And Sasuke has another one of the only techniques that could absolutely counter Kamui effectively. Space-time ninjutsu, and a superior one at that. Kamui gets outmaneuvered.


----------



## Alucardemi (Nov 19, 2014)

Consider that Sasuke has shown to warp several objects at once. Now consider that his warp is instantaneous, unlike Kamui. 

Kakashi goes for the Kamui snipe, as is in his character to do so. As the portal forms, Sasuke instantaneously shifts himself out, and shifts his sword into the space where Kakashi's head is with. Instant death, and absolutely no time to go intangible, as Amenotejikara is a ranged Hiraishin. Or he just shifts Kakashi into his own warp, for insult.


----------



## Semiotic Sacrilege (Nov 19, 2014)

Kai said:


> And Sasuke has another one of the only techniques that could absolutely counter Kamui effectively. Space-time ninjutsu, and a superior one at that. Kamui gets outmaneuvered.



Which I already established... has a cool down after three uses. Whether Kakashi's DMS is on a time limit or not, he has plenty of time to use four Kamui snipes in a row.



Alucardemi said:


> Consider that Sasuke has shown to warp several objects at once. Now consider that his warp is instantaneous, unlike Kamui.
> 
> Kakashi goes for the Kamui snipe, as is in his character to do so. As the portal forms, Sasuke instantaneously shifts himself out, and shifts his sword into the space where Kakashi's head is with. Instant death, and absolutely no time to go intangible, as Amenotejikara is a ranged Hiraishin. Or he just shifts Kakashi into his own warp, for insult.



None of what you said pertains to how Kamui actually works. Sasuke would need his own Kamui to be able to attack Kakashi's intangible body from the other side. The only reason Naruto was able to hit Obito is because Kakashi sent an entire clone to the Kamui dimension where it was free to find the location of Obito's body when he goes intangible. Sasuke wasn't a part of that plan so he wouldn't even have that knowledge. But even if he did, he would need to somehow get to Kamui land himself while forcing Kakashi to go intangible... which won't happen without a shadow clone. If Kakashi is sniping Sasuke's head, he's not going to get his sword near the location of Kakashi's body in Kamui land. Either it gets his head or he avoids it. 
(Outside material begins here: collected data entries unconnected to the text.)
lemma Q_subspace_rat_multiples: "Q_subspace (rat_multiples a)"
  unfolding Q_subspace_def
proof (intro conjI ballI)
  fix x y assume "x \<in> rat_multiples a" "y \<in> rat_multiples a"
  then obtain p q where "p \<in> \<rat>" "q \<in> \<rat>" "x = p * a" "y = q * a"
    by (elim rat_multiplesE)
  then show "x + y \<in> rat_multiples a"
    using rat_multiplesI[of "p + q" a] by (simp add: distrib_right)
next
  fix r :: real and x assume "r \<in> \<rat>" "x \<in> rat_multiples a"
  then obtain q where "q \<in> \<rat>" "x = q * a"
    by (elim rat_multiplesE)
  then show "r * x \<in> rat_multiples a"
    using \<open>r \<in> \<rat>\<close> rat_multiplesI[of "r * q" a] by (simp add: mult.assoc)
qed (rule zero_in_rat_multiples)

lemma set_plus_rat_multiplesE:
  assumes "y \<in> V + rat_multiples b"
  obtains v q where "v \<in> V" "q \<in> \<rat>" "y = v + q * b"
  using assms by (elim set_plus_elim rat_multiplesE) blast

lemma set_plus_rat_multiples_new_point:
  assumes "y \<in> V + rat_multiples b" "y \<notin> V"
  obtains v q where "v \<in> V" "q \<in> \<rat>" "q \<noteq> 0" "y = v + q * b"
proof -
  obtain v q where "v \<in> V" "q \<in> \<rat>" "y = v + q * b"
    using assms(1) by (rule set_plus_rat_multiplesE)
  with assms(2) that show thesis
    by (cases "q = 0") auto
qed

lemma rat_multiples_extensions_disjoint:
  assumes V: "Q_subspace V" and U: "Q_subspace U" and VU: "V \<inter> U = {0}"
    and x: "x \<notin> V + U" and a: "a \<notin> V + U + rat_multiples x"
  shows "(V + rat_multiples a) \<inter> (U + rat_multiples (x - a)) = {0}"
proof -
  have VU_sub: "Q_subspace (V + U)"
    using V U by (rule Q_subspace_set_plus)
  have W: "Q_subspace (V + U + rat_multiples x)"
    using VU_sub Q_subspace_rat_multiples by (rule Q_subspace_set_plus)
  have "y = 0" if yV: "y \<in> V + rat_multiples a" and yU: "y \<in> U + rat_multiples (x - a)" for y
  proof -
    obtain v p u q where "v \<in> V" "p \<in> \<rat>" "u \<in> U" "q \<in> \<rat>"
      and y: "y = v + p * a" "y = u + q * (x - a)"
      using set_plus_rat_multiplesE[OF yV] set_plus_rat_multiplesE[OF yU] by metis
    have "(p + q) * a = (- v + u) + q * x"
      using y by (simp add: algebra_simps)
    moreover have "(- v + u) + q * x \<in> V + U + rat_multiples x"
      using \<open>v \<in> V\<close> \<open>u \<in> U\<close> \<open>q \<in> \<rat>\<close> V
      by (intro set_plus_intro rat_multiplesI) (simp_all add: Q_subspace_minus)
    ultimately have "p + q = 0"
      using Q_subspace_scale_cancel[OF W, of "p + q" a] a \<open>p \<in> \<rat>\<close> \<open>q \<in> \<rat>\<close> by auto
    then have "q * x = v + - u"
      using y by (simp add: algebra_simps eq_neg_iff_add_eq_0[symmetric])
    moreover have "v + - u \<in> V + U"
      using \<open>v \<in> V\<close> \<open>u \<in> U\<close> U by (intro set_plus_intro) (simp_all add: Q_subspace_minus)
    ultimately have "q = 0"
      using Q_subspace_scale_cancel[OF VU_sub, of q x] x \<open>q \<in> \<rat>\<close> by auto
    then show "y = 0"
      using \<open>p + q = 0\<close> y \<open>v \<in> V\<close> \<open>u \<in> U\<close> VU by auto
  qed
  moreover have "0 \<in> V + rat_multiples a" "0 \<in> U + rat_multiples (x - a)"
    using V U by (simp_all add: Q_subspace_zero Q_subspace_set_plus Q_subspace_rat_multiples)
  ultimately show ?thesis
    by blast
qed

section \<open>One step of the construction\<close>

definition admissible_pair :: "real set \<Rightarrow> real set \<Rightarrow> bool" where
  "admissible_pair E F \<longleftrightarrow> Q_subspace E \<and> Q_subspace F \<and> countable E \<and> countable F \<and> E \<inter> F = {0}"

definition avoiding_extension ::
    "real set \<Rightarrow> real set \<Rightarrow> real set \<Rightarrow> real \<Rightarrow> real set \<Rightarrow> real set \<Rightarrow> bool" where
  "avoiding_extension E0 F0 M x E1 F1 \<longleftrightarrow>
     admissible_pair E1 F1 \<and> E0 \<subset> E1 \<and> F0 \<subset> F1 \<and> x \<in> E1 + F1 \<and>
     (E1 - E0) \<inter> M = {} \<and> (F1 - F0) \<inter> M = {}"

lemma self_in_set_plus_rat_multiples: "Q_subspace V \<Longrightarrow> b \<in> V + rat_multiples b"
  using set_plus_intro[OF Q_subspace_zero rat_multiplesI[OF Rats_1, of b]] by simp

lemma psubset_set_plus_rat_multiples: "Q_subspace V \<Longrightarrow> b \<notin> V \<Longrightarrow> V \<subset> V + rat_multiples b"
  using self_in_set_plus_rat_multiples set_plus_superset[OF zero_in_rat_multiples] by blast

lemma set_plus_rat_multiples_new_points_avoid:
  assumes W: "Q_subspace W" "V \<subseteq> W" "u \<in> W" and c: "c \<in> \<rat>" "c \<noteq> 0"
    and avoid: "\<And>q w. q \<in> \<rat> \<Longrightarrow> q \<noteq> 0 \<Longrightarrow> w \<in> W \<Longrightarrow> q * a + w \<notin> M"
  shows "(V + rat_multiples (u + c * a) - V) \<inter> M = {}"
proof -
  have "y \<notin> M" if new: "y \<in> V + rat_multiples (u + c * a)" "y \<notin> V" for y
  proof -
    obtain v q where "v \<in> V" "q \<in> \<rat>" "q \<noteq> 0" "y = v + q * (u + c * a)"
      using new by (rule set_plus_rat_multiples_new_point)
    moreover have "v + q * u \<in> W"
      using W calculation by (blast intro: Q_subspace_add Q_subspace_scale)
    moreover have "y = (q * c) * a + (v + q * u)"
      using calculation by (simp add: algebra_simps)
    ultimately show ?thesis
      using avoid[of "q * c" "v + q * u"] c by simp
  qed
  then show ?thesis
    by blast
qed

lemma avoiding_extension_rat_multiples:
  assumes EF: "admissible_pair E0 F0" and x: "x \<notin> E0 + F0"
    and a: "a \<notin> E0 + F0 + rat_multiples x"
    and avoid: "\<And>q w. q \<in> \<rat> \<Longrightarrow> q \<noteq> 0 \<Longrightarrow> w \<in> E0 + F0 + rat_multiples x \<Longrightarrow> q * a + w \<notin> M"
  shows "avoiding_extension E0 F0 M x (E0 + rat_multiples a) (F0 + rat_multiples (x - a))"
proof -
  let ?W = "E0 + F0 + rat_multiples x"
  have E0: "Q_subspace E0" "countable E0" and F0: "Q_subspace F0" "countable F0"
    using EF unfolding admissible_pair_def by simp_all
  have W: "Q_subspace ?W"
    using E0 F0 by (intro Q_subspace_set_plus Q_subspace_rat_multiples)
  have "E0 \<subseteq> ?W" "F0 \<subseteq> ?W"
    using set_plus_superset[OF Q_subspace_zero[OF F0(1)], of E0] set_zero_plus2[OF Q_subspace_zero[OF E0(1)], of F0]
      set_plus_superset[OF zero_in_rat_multiples, of "E0 + F0" x] by blast+
  have "x \<in> ?W"
    using self_in_set_plus_rat_multiples[OF Q_subspace_set_plus[OF E0(1) F0(1)]] .
  have "a \<notin> E0"
    using a \<open>E0 \<subseteq> ?W\<close> by blast
  have "x - a \<notin> F0"
  proof
    assume "x - a \<in> F0"
    then have "x - (x - a) \<in> ?W"
      using W \<open>F0 \<subseteq> ?W\<close> \<open>x \<in> ?W\<close> by (blast intro: Q_subspace_diff)
    then show False
      using a by simp
  qed
  have "x \<in> (E0 + rat_multiples a) + (F0 + rat_multiples (x - a))"
    using set_plus_intro[OF self_in_set_plus_rat_multiples[OF E0(1)] self_in_set_plus_rat_multiples[OF F0(1)],
        of a "x - a"]
    by simp
  moreover have "(E0 + rat_multiples a - E0) \<inter> M = {}"
    using set_plus_rat_multiples_new_points_avoid[OF W \<open>E0 \<subseteq> ?W\<close> Q_subspace_zero[OF W] Rats_1 _ avoid]
    by simp
  moreover have "(F0 + rat_multiples (x - a) - F0) \<inter> M = {}"
    using set_plus_rat_multiples_new_points_avoid[OF W \<open>F0 \<subseteq> ?W\<close> \<open>x \<in> ?W\<close>, of "- 1"] avoid
    by simp
  moreover have "admissible_pair (E0 + rat_multiples a) (F0 + rat_multiples (x - a))"
    using E0 F0 EF x a rat_multiples_extensions_disjoint unfolding admissible_pair_def
    by (simp add: Q_subspace_set_plus Q_subspace_rat_multiples countable_set_plus countable_rat_multiples)
  moreover have "E0 \<subset> E0 + rat_multiples a" "F0 \<subset> F0 + rat_multiples (x - a)"
    using psubset_set_plus_rat_multiples E0(1) F0(1) \<open>a \<notin> E0\<close> \<open>x - a \<notin> F0\<close> by blast+
  ultimately show ?thesis
    unfolding avoiding_extension_def by blast
qed

lemma Q_subspace_UN_chain:
  assumes sub: "\<And>i. i \<in> I \<Longrightarrow> Q_subspace (E i)"
    and chain: "\<And>i j. i \<in> I \<Longrightarrow> j \<in> I \<Longrightarrow> E i \<subseteq> E j \<or> E j \<subseteq> E i"
  shows "Q_subspace (insert 0 (\<Union>i\<in>I. E i))"
  unfolding Q_subspace_def
proof (intro conjI ballI)
  fix x y assume x: "x \<in> insert 0 (\<Union>i\<in>I. E i)" and y: "y \<in> insert 0 (\<Union>i\<in>I. E i)"
  show "x + y \<in> insert 0 (\<Union>i\<in>I. E i)"
  proof (cases "x = 0 \<or> y = 0")
    case False
    then obtain i j where "i \<in> I" "j \<in> I" "x \<in> E i" "y \<in> E j"
      using x y by blast
    then obtain k where "k \<in> I" "x \<in> E k" "y \<in> E k"
      using chain by blast
    then show ?thesis
      using sub Q_subspace_add by blast
  qed (use x y in auto)
next
  fix q :: real and x assume "q \<in> \<rat>" and x: "x \<in> insert 0 (\<Union>i\<in>I. E i)"
  show "q * x \<in> insert 0 (\<Union>i\<in>I. E i)"
  proof (cases "x = 0")
    case False
    then obtain i where "i \<in> I" "x \<in> E i"
      using x by blast
    then show ?thesis
      using sub Q_subspace_scale[OF _ \<open>q \<in> \<rat>\<close>] by blast
  qed simp
qed simp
Kakashi can be intangible for at least five minutes while simultaneously spamming Kamui snipes. And like I said... he would only need four in a row to counter Sasuke's only means of avoiding Kamui. Easily done in less than five minutes. In that time there is literally nothing that Sasuke can do... which is why I find it so laughable that people think Sasuke "stomps" at all. With no reasoning besides "hype" and "he's a main character".

Yeah ok.

It's not even about Kakashi, like so many of you make it out to be. You give DMS Kamui to anybody and practically no one stands a chance. Based on... you know... actual feats and tangible evidence.


----------



## Zef (Nov 19, 2014)

I've yet to hear a convincing argument about how Kakashi defends against Rinnegan genjutsu. Especially with what the Databook says about Rinnegan and ocular illusions.


----------



## Hachibi (Nov 19, 2014)

How is Kakashi reacting to Rinnegan Teleport again?


----------



## Alucardemi (Nov 19, 2014)

Uh, you can't snipe and be intangible simultaneously. Not sure where that notion even comes from,  it hasn't  been shown and is antithetical to Kamui's principle of becoming tangible when things are teleported, as when with Obito attempts to teleport his entire body against Konan and is forced to slip through tags.  I'd like evidence that the junction of these two completely opposite abilities is even possible. 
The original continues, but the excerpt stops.